#### ASSIGNMENT:
Return each line of the records below in which the string "linear" turns up.

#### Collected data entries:
---+---

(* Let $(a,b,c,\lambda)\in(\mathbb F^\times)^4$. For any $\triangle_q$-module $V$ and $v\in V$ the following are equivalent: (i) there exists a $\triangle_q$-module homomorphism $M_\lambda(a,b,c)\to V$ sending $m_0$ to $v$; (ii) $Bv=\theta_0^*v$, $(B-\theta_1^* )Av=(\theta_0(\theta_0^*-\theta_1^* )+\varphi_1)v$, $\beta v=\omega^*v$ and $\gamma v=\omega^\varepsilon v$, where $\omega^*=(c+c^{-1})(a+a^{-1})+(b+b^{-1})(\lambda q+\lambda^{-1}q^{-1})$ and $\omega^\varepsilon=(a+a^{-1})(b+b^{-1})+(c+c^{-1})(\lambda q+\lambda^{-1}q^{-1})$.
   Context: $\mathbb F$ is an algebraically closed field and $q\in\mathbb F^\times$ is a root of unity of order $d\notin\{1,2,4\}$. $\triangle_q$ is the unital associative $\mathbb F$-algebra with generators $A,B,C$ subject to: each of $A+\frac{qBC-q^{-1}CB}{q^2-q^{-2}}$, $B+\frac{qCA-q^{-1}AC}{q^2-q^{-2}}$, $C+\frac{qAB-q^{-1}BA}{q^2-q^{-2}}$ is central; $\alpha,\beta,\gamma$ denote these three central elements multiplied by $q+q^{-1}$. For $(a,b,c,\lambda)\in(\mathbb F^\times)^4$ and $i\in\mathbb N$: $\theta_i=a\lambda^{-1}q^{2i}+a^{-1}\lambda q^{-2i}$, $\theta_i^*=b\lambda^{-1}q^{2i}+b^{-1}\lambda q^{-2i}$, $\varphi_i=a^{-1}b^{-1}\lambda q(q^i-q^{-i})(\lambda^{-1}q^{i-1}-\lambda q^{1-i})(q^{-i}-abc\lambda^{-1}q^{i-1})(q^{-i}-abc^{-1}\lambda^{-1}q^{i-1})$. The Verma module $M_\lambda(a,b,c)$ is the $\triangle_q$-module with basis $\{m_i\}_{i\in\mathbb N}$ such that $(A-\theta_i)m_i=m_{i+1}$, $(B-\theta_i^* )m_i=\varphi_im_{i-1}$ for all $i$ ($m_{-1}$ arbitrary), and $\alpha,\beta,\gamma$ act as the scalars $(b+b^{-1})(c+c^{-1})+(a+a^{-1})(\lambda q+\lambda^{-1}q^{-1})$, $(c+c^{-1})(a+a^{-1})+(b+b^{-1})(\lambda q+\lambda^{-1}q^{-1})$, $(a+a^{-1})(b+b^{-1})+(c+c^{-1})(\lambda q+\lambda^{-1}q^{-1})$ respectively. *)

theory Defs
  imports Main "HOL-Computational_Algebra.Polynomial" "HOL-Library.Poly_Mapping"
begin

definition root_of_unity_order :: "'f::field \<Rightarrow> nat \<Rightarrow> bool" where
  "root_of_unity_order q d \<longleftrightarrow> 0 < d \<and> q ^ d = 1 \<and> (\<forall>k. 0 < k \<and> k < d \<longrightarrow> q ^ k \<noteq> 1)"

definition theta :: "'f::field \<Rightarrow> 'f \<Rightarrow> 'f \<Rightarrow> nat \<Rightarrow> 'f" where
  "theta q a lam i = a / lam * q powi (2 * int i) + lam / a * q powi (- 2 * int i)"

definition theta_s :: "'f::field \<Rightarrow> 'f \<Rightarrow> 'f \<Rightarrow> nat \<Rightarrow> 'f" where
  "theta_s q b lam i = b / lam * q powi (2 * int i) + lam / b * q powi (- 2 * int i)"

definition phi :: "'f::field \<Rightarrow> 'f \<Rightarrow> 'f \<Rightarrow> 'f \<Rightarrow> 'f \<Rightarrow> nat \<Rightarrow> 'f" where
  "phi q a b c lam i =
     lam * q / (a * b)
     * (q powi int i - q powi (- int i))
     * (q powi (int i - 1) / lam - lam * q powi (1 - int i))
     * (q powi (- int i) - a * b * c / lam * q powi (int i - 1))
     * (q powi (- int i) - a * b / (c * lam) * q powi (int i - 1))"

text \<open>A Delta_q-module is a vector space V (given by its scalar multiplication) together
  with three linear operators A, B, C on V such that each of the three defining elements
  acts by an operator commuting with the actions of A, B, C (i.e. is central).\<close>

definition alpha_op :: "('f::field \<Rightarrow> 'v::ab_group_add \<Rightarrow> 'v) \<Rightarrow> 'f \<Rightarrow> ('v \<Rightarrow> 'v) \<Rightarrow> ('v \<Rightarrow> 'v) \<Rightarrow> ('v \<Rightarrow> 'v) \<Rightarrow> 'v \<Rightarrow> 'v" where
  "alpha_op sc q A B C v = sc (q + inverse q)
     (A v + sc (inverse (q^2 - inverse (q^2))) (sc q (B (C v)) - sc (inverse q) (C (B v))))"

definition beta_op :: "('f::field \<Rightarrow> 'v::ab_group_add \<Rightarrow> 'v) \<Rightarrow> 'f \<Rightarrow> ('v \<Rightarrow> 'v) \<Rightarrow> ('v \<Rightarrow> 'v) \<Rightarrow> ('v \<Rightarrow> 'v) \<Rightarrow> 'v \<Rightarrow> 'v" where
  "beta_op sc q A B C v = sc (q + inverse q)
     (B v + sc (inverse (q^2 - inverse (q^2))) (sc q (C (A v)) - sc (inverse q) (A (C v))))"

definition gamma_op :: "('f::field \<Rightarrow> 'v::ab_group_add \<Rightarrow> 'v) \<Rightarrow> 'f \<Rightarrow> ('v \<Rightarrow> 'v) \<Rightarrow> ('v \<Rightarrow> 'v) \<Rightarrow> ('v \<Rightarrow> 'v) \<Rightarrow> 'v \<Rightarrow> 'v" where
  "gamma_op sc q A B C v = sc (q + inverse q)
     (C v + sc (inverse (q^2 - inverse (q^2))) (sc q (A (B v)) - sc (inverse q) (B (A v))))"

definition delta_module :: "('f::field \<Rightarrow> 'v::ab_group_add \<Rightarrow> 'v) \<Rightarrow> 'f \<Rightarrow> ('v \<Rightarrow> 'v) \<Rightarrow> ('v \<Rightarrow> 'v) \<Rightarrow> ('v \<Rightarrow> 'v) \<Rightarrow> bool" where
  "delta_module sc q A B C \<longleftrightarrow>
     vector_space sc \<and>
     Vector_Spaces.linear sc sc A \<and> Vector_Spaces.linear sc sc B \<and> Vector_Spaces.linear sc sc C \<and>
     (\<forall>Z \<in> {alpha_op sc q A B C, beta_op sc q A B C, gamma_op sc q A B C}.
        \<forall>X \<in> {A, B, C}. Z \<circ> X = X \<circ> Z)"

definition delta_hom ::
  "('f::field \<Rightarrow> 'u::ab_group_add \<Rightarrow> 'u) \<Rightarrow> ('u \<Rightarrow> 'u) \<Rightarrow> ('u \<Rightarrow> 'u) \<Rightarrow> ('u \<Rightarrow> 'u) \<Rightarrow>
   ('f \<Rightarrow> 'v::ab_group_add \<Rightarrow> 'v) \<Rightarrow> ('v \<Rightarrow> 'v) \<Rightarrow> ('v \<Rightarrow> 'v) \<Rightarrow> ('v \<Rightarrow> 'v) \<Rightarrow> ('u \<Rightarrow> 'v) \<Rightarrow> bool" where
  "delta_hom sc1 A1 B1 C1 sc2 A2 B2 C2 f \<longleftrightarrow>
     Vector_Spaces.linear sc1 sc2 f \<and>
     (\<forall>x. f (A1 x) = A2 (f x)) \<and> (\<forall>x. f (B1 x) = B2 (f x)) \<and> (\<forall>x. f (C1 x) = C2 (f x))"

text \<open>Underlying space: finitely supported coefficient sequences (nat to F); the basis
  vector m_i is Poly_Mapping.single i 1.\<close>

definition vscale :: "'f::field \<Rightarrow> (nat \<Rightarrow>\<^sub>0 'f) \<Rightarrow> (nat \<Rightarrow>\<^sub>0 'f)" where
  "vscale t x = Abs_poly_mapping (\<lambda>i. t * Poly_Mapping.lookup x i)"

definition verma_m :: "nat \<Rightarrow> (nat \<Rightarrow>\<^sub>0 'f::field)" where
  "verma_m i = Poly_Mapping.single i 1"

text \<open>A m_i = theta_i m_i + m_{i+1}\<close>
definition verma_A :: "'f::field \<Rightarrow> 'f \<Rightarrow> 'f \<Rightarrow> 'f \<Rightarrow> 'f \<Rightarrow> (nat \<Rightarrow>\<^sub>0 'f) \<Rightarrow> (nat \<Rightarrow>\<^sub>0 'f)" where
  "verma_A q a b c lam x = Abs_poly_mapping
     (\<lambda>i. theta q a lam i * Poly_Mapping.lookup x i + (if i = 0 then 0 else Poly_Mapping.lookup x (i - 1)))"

---+---

#### OUTPUT FOR THIS TASK:
  with three linear operators A, B, C on V such that each of the three defining elements
     Vector_Spaces.linear sc sc A \<and> Vector_Spaces.linear sc sc B \<and> Vector_Spaces.linear sc sc C \<and>
     Vector_Spaces.linear sc1 sc2 f \<and>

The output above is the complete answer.